# Dataset Schema Update Script (SAFE - Preserves Both Train and Test)

This notebook transforms BOTH train and test splits without deleting either.

In [27]:
import os
from pathlib import Path
from datasets import load_dataset, Dataset, DatasetDict
from dotenv import load_dotenv

# Load environment variables from root .env
load_dotenv(Path('../..') / '.env')

# Configuration
DATASET_REPO = "Cantina/dj-image-train-data-20251117"  # Update this to your dataset
HF_TOKEN = os.getenv('HUGGINGFACE_TOKEN')

if not HF_TOKEN:
    raise ValueError("HUGGINGFACE_TOKEN not found in environment variables")

print(f"✓ Environment configured")
print(f"✓ Dataset: {DATASET_REPO}")

✓ Environment configured
✓ Dataset: Cantina/dj-image-train-data-20251117


## Load BOTH Train and Test Splits

In [28]:
print("Loading dataset from Hugging Face...")
dataset_dict = load_dataset(
    DATASET_REPO,
    token=HF_TOKEN
)

print(f"\n✓ Available splits: {list(dataset_dict.keys())}")
for split_name in dataset_dict.keys():
    print(f"  - {split_name}: {len(dataset_dict[split_name])} rows")

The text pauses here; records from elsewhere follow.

text \<open>Structure constants of the model filiform algebra f_n (0-based indices):
  [e_1, e_h] = e_{h-1} for 3 <= h <= n, i.e. [unit 0, unit j] = unit (j-1) for j >= 2,
  together with antisymmetry; all other basis brackets are zero.\<close>
definition fil_basis_br :: "nat \<Rightarrow> nat \<Rightarrow> nat \<Rightarrow> complex vec" where
  "fil_basis_br n i j =
     (if i = 0 \<and> 2 \<le> j \<and> j < n then unit_vec n (j - 1)
      else if j = 0 \<and> 2 \<le> i \<and> i < n then - unit_vec n (i - 1)
      else 0\<^sub>v n)"

definition fil_br :: "nat \<Rightarrow> complex vec \<Rightarrow> complex vec \<Rightarrow> complex vec" where
  "fil_br n x y = vec n (\<lambda>k. \<Sum>i<n. \<Sum>j<n. x $ i * y $ j * (fil_basis_br n i j) $ k)"

definition fil_rep :: "nat \<Rightarrow> complex vec \<Rightarrow> complex mat" where
  "fil_rep n x = mat n n (\<lambda>ab.
      x $ 0 * (\<Sum>i=1..n-2. Xmat n i (i+1) $$ ab)
      + (\<Sum>j=2..n. x $ (j - 1) * Xmat n (j - 1) n $$ ab))"

end

theory Submission
  imports Defs
begin

text \<open>
  The map e_1 -> sum_i X_(i,i+1), e_j -> X_(j-1,n) is an injective homomorphism by an entrywise
  computation, so mu_bar(f_n) <= n. Conversely, let A, C in h_m be the images of e_1 and e_n;
  then ad_A^(n-2) C ~= 0, ad_A^(n-1) C = 0 and [C,[A,C]] = 0. Say that X has level l if it
  vanishes below its l-th superdiagonal. For upper triangular A, ad_A preserves levels and acts
  on the l-th superdiagonal as multiplication by a_(i,i) - a_(i+l,i+l), so it raises the level
  of every X on which it is nilpotent. Now [A,C] has level 1, and even level 2 because
  [C,[A,C]] = 0; hence the nonzero matrix ad_A^(n-3) [A,C] has level n - 1, forcing n - 1 < m.
\<close>

definition upper_level :: "nat \<Rightarrow> nat \<Rightarrow> complex mat \<Rightarrow> bool" where
  "upper_level m l X \<longleftrightarrow> X \<in> carrier_mat m m \<and> (\<forall>i<m. \<forall>j<m. j < i + l \<longrightarrow> X $$ (i,j) = 0)"

lemma upper_level_0_iff: "upper_level m 0 X \<longleftrightarrow> X \<in> upper_tri m"
  unfolding upper_level_def upper_tri_def by auto

lemma upper_level_nth_eq_0:
  "upper_level m l X \<Longrightarrow> i < m \<Longrightarrow> j < m \<Longrightarrow> j < i + l \<Longrightarrow> X $$ (i,j) = 0"
  unfolding upper_level_def by blast

lemma upper_level_carrier: "upper_level m l X \<Longrightarrow> X \<in> carrier_mat m m"
  unfolding upper_level_def by blast

lemma upper_level_mult_nth:
  assumes A: "upper_level m p A" and B: "upper_level m q B" and ij: "i < m" "j < m"
  shows "(A * B) $$ (i,j) = (\<Sum>k\<in>{i+p..j-q}. A $$ (i,k) * B $$ (k,j))"
proof -
  have "(A * B) $$ (i,j) = (\<Sum>k<m. A $$ (i,k) * B $$ (k,j))"
    using A B ij by (auto simp: upper_level_def scalar_prod_def lessThan_atLeast0 intro!: sum.cong)
  also have "\<dots> = (\<Sum>k\<in>{i+p..j-q}. A $$ (i,k) * B $$ (k,j))"
  proof (rule sum.mono_neutral_right)
    show "{i+p..j-q} \<subseteq> {..<m}" using ij by auto
    show "\<forall>k\<in>{..<m} - {i+p..j-q}. A $$ (i,k) * B $$ (k,j) = 0"
    proof
      fix k assume k: "k \<in> {..<m} - {i+p..j-q}"
      then consider "k < i + p" | "j < k + q" by force
      then show "A $$ (i,k) * B $$ (k,j) = 0"
        by cases (use k ij upper_level_nth_eq_0[OF A] upper_level_nth_eq_0[OF B] in auto)
    qed
  qed simp
  finally show ?thesis .
qed

lemma upper_level_mult:
  assumes A: "upper_level m p A" and B: "upper_level m q B"
  shows "upper_level m (p + q) (A * B)"
  unfolding upper_level_def
proof (intro conjI allI impI)
  show "A * B \<in> carrier_mat m m" using A B by (auto simp: upper_level_def)
  fix i j assume "i < m" "j < m" "j < i + (p + q)"
  then show "(A * B) $$ (i,j) = 0"
    by (auto simp: upper_level_mult_nth[OF A B] intro!: sum.neutral upper_level_nth_eq_0[OF B])
qed

lemma upper_level_mult_superdiag:
  assumes "upper_level m p A" "upper_level m q B" "i + p + q < m"
  shows "(A * B) $$ (i, i+p+q) = A $$ (i, i+p) * B $$ (i+p, i+p+q)"
  using upper_level_mult_nth[OF assms(1,2), of i "i+p+q"] assms(3) by simp

lemma upper_mult_nth_Suc:
  assumes "upper_level m 0 A" "upper_level m 0 B" "Suc i < m"
  shows "(A * B) $$ (i, Suc i) = A $$ (i,i) * B $$ (i, Suc i) + A $$ (i, Suc i) * B $$ (Suc i, Suc i)"
  using upper_level_mult_nth[OF assms(1,2), of i "Suc i"] assms(3) by simp

lemma upper_level_diff:
  assumes "upper_level m l A" "upper_level m l B"
  shows "upper_level m l (A - B)"
  using assms unfolding upper_level_def by auto

lemma upper_level_commutator:
  assumes "upper_level m p A" "upper_level m q B"
  shows "upper_level m (p + q) (commutator A B)"
  unfolding commutator_def
  using upper_level_diff upper_level_mult[OF assms] upper_level_mult[OF assms(2,1)]
  by (simp add: add.commute)

lemma commutator_nth:
  assumes "A \<in> carrier_mat m m" "B \<in> carrier_mat m m" "i < m" "j < m"
  shows "commutator A B $$ (i,j) = (A * B) $$ (i,j) - (B * A) $$ (i,j)"
  using assms unfolding commutator_def by simp

lemma commutator_superdiag:
  assumes A: "upper_level m p A" and B: "upper_level m q B" and i: "i + p + q < m"
  shows "commutator A B $$ (i, i+p+q) = A $$ (i, i+p) * B $$ (i+p, i+p+q) - B $$ (i, i+q) * A $$ (i+q, i+p+q)"
proof -
  have "(B * A) $$ (i, i+q+p) = B $$ (i, i+q) * A $$ (i+q, i+q+p)"
    using upper_level_mult_superdiag[OF B A] i by simp
  then show ?thesis
    using i upper_level_mult_superdiag[OF A B i]
      commutator_nth[OF upper_level_carrier[OF A] upper_level_carrier[OF B], of i "i+p+q"]
    by (simp add: add_ac)
qed

lemma upper_level_SucI:
  assumes X: "upper_level m l X" and diag: "\<And>i. i + l < m \<Longrightarrow> X $$ (i, i+l) = 0"
  shows "upper_level m (Suc l) X"
  unfolding upper_level_def
proof (intro conjI allI impI)
  show "X \<in> carrier_mat m m" using X by (rule upper_level_carrier)
  fix i j assume ij: "i < m" "j < m" "j < i + Suc l"
  show "X $$ (i,j) = 0"
  proof (cases "j = i + l")
    case True then show ?thesis using diag ij by simp
  next
    case False then show ?thesis using upper_level_nth_eq_0[OF X] ij by simp
  qed
qed

lemma upper_level_eq_zero:
  assumes "upper_level m l X" "m \<le> l"
  shows "X = 0\<^sub>m m m"
  using assms unfolding upper_level_def by (intro eq_matI) auto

print(f"\nCurrent schema (train):")
print(dataset_dict['train'].features)

print(f"\nFirst row sample (train):")
print(dataset_dict['train'][0])

Loading dataset from Hugging Face...


README.md:   0%|          | 0.00/650 [00:00<?, ?B/s]

data/train-00000-of-00001.parquet:   0%|          | 0.00/7.76M [00:00<?, ?B/s]

data/test-00000-of-00001.parquet:   0%|          | 0.00/842k [00:00<?, ?B/s]

Generating train split:   0%|          | 0/14821 [00:00<?, ? examples/s]

Generating test split:   0%|          | 0/1642 [00:00<?, ? examples/s]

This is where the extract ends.